I have come across a proof of Bott vanishing for $\mathbb{P}^{n}$ using the Euler sequence as follows:
From the Euler sequence on $\mathbb{P}^{n}$
$$ 0 \to \Omega \to \mathcal{O}(-1)^{\oplus n+1 } \to \mathcal{O} \to 0 $$
we take the $p$-th exterior power to obtain the sequence
$$ 0 \to \Omega^{p} \to \bigwedge^{p} \mathcal{O}(-1)^{\oplus n+1} \to \Omega^{p-1} \to 0 $$
which should remain exact according to my reference. Why is this the case?
Then we can also twist to obtain short exact sequences
$$ 0 \to \Omega^{p}(k) \to \bigwedge^{p} \mathcal{O}(-1)^{\oplus n+1}(k) \to \Omega^{p-1}(k) \to 0 $$
And the claim now is that from the long exact sequence in cohomology it follows that
$$H^{q}(\Omega^{p}(k))=0$$
unless
$k=0$ and $0\leqslant p=q \leqslant n $.
$q=0$ and $k>p$.
$q=n$ and $k<p-n$.
So for example the first case would follow indeed from the LES in cohomology if we had that the cohomology of the middle term vanishes.

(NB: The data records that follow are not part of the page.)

lemma l1_norm_foldl_comp_map_le:
  fixes S :: "pmap set" and B :: real and D :: nat
  assumes hom: "ring_hom_on K \<sigma>"
    and forms: "\<And>F. F \<in> S \<Longrightarrow> \<exists>d\<le>D. hom_rep m d F"
    and coeffs: "\<And>F j. F \<in> S \<Longrightarrow> coeffs_in K (F j)"
    and norms: "\<And>F j. F \<in> S \<Longrightarrow> j \<le> m \<Longrightarrow> l1_norm \<sigma> (F j) \<le> B"
    and "1 \<le> B" "F0 \<in> S" "set Fs \<subseteq> S"
  shows "(\<forall>j. coeffs_in K (foldl (\<lambda>acc G. comp_map G acc) F0 Fs j)) \<and>
    (\<forall>j\<le>m. l1_norm \<sigma> (foldl (\<lambda>acc G. comp_map G acc) F0 Fs j) \<le> B ^ (\<Sum>i<Suc (length Fs). D ^ i))"
  using \<open>set Fs \<subseteq> S\<close>
proof (induction Fs rule: rev_induct)
  case Nil
  then show ?case using coeffs norms \<open>F0 \<in> S\<close> by simp
next
  case (snoc G Fs)
  define F where "F = foldl (\<lambda>acc G. comp_map G acc) F0 Fs"
  define s where "s = (\<Sum>i<Suc (length Fs). D ^ i)"
  have G: "G \<in> S" and IH: "\<forall>j. coeffs_in K (F j)" "\<forall>j\<le>m. l1_norm \<sigma> (F j) \<le> B ^ s"
    using snoc by (auto simp: F_def s_def)
  obtain d where "d \<le> D" and G_form: "\<forall>j\<le>m. vars_in m (G j) \<and> homog d (G j)"
    using forms[OF G] by (auto simp: hom_rep_def)
  have "l1_norm \<sigma> (comp_map G F j) \<le> B ^ (1 + D * s)" if "j \<le> m" for j
  proof -
    have "l1_norm \<sigma> (comp_map G F j) \<le> l1_norm \<sigma> (G j) * (B ^ s) ^ d"
      unfolding comp_map_def using G_form that IH
      by (intro l1_norm_subst_le[OF hom coeffs[OF G]]) auto
    also have "\<dots> \<le> B * (B ^ s) ^ D"
      using norms[OF G that] \<open>d \<le> D\<close> \<open>1 \<le> B\<close>
      by (intro mult_mono power_increasing one_le_power) auto
    also have "\<dots> = B ^ (1 + D * s)"
      by (simp add: power_mult[symmetric] mult.commute)
    finally show ?thesis .
  qed
  moreover have "coeffs_in K (comp_map G F j)" for j
    unfolding comp_map_def using IH(1) by (intro coeffs_in_subst[OF hom coeffs[OF G]]) auto
  moreover have "foldl (\<lambda>acc G. comp_map G acc) F0 (Fs @ [G]) = comp_map G F"
    by (simp add: F_def)
  moreover have "(\<Sum>i<Suc (length (Fs @ [G])). D ^ i) = 1 + D * s"
    unfolding s_def length_append_singleton by (rule sum_power_Suc_shift)
  ultimately show ?case
    by simp
qed

lemma map_absv_nonneg: "0 \<le> map_absv K \<sigma> m F"
  unfolding map_absv_def poly_absv_def by (auto simp: Max_ge_iff)

lemma ln_map_absv_le:
  assumes "ring_hom_on K \<sigma>" "1 \<le> L" "\<And>j. j \<le> m \<Longrightarrow> l1_norm \<sigma> (F j) \<le> L"
  shows "ln (map_absv K \<sigma> m F) \<le> real (local_deg K \<sigma>) / real (field_degree K) * ln L"
proof -
  interpret ring_hom_on K \<sigma> by fact
  let ?e = "real (local_deg K \<sigma>) / real (field_degree K)"
  have "absv K \<sigma> (Poly_Mapping.lookup (F j) \<alpha>) \<le> L powr ?e" if "j \<le> m" for j \<alpha>
    unfolding absv_def using coeff_le_l1_norm[of "F j" \<alpha>] assms(3)[OF that]
    by (intro powr_mono2) auto
  then have le: "map_absv K \<sigma> m F \<le> L powr ?e"
    unfolding map_absv_def poly_absv_def by auto
  show ?thesis
  proof (cases "map_absv K \<sigma> m F = 0")
    case False
    then have "ln (map_absv K \<sigma> m F) \<le> ln (L powr ?e)"
      using le map_absv_nonneg[of K \<sigma> m F] \<open>1 \<le> L\<close> by (subst ln_le_cancel_iff) auto
    then show ?thesis using \<open>1 \<le> L\<close> by simp
  qed (use \<open>1 \<le> L\<close> in simp)
qed

lemma exists_coeff_bound:
  fixes S :: "pmap set" and e M :: real
  assumes "ring_hom_on K \<sigma>" "finite S" "0 \<le> e" "1 \<le> M"
    and "\<And>F j \<alpha>. F \<in> S \<Longrightarrow> j \<le> m \<Longrightarrow> cmod (\<sigma> (Poly_Mapping.lookup (F j) \<alpha>)) powr e \<le> M"
  obtains C where "1 \<le> C" "e * ln C \<le> ln M"
    "\<And>F j \<alpha>. F \<in> S \<Longrightarrow> j \<le> m \<Longrightarrow> cmod (\<sigma> (Poly_Mapping.lookup (F j) \<alpha>)) \<le> C"
proof (cases "e = 0")
  case True
  interpret ring_hom_on K \<sigma> by fact
  \<comment> \<open>For \<open>e = 0\<close> the constraint \<open>e * ln C \<le> ln M\<close> is vacuous, so any common bound works.\<close>
  define C where "C = Max (insert 1 ((\<lambda>(F, j). l1_norm \<sigma> (F j)) ` (S \<times> {..m})))"
  have "l1_norm \<sigma> (F j) \<le> C" if "F \<in> S" "j \<le> m" for F j
    unfolding C_def using \<open>finite S\<close> that by (intro Max_ge) auto
  then show ?thesis
    using True \<open>1 \<le> M\<close> \<open>finite S\<close>
    by (intro that[of C]) (auto simp: C_def intro: order_trans[OF coeff_le_l1_norm])
next
  case False
  then have "0 < e" using \<open>0 \<le> e\<close> by simp
  show ?thesis
  proof (rule that[of "M powr (1 / e)"])
    show "1 \<le> M powr (1 / e)" using \<open>1 \<le> M\<close> \<open>0 < e\<close> by (simp add: ge_one_powr_ge_zero)
    show "e * ln (M powr (1 / e)) \<le> ln M" using \<open>1 \<le> M\<close> \<open>0 < e\<close> by simp
    fix F j \<alpha> assume "F \<in> S" "j \<le> m"
    then have "(cmod (\<sigma> (Poly_Mapping.lookup (F j) \<alpha>)) powr e) powr (1 / e) \<le> M powr (1 / e)"
      using assms(5) \<open>0 < e\<close> by (intro powr_mono2) auto
    then show "cmod (\<sigma> (Poly_Mapping.lookup (F j) \<alpha>)) \<le> M powr (1 / e)"
      using \<open>0 < e\<close> by (simp add: powr_powr)
  qed
qed

lemma sum_power_le_power_minus_one:
  fixes d :: real
  assumes "2 \<le> d"
  shows "(\<Sum>i<n. d ^ i) \<le> d ^ n - 1"
proof (induction n)
  case (Suc n)
  have "2 * d ^ n \<le> d * d ^ n" using assms by (intro mult_right_mono) auto
  with Suc show ?case by simp
qed simp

But does it? If so, why? Cohomology and direct sums commute, and so do direct sums and exterior powers (direct sums and exterior powers do not commute strictly speaking, but I am referring to the formula of the exterior product of a direct sum). So I expect that one can show that the cohomology of that sheaf vanishes just by formal manipulations of whats inside. But I couldn't find the actual way to do it.
Any hints?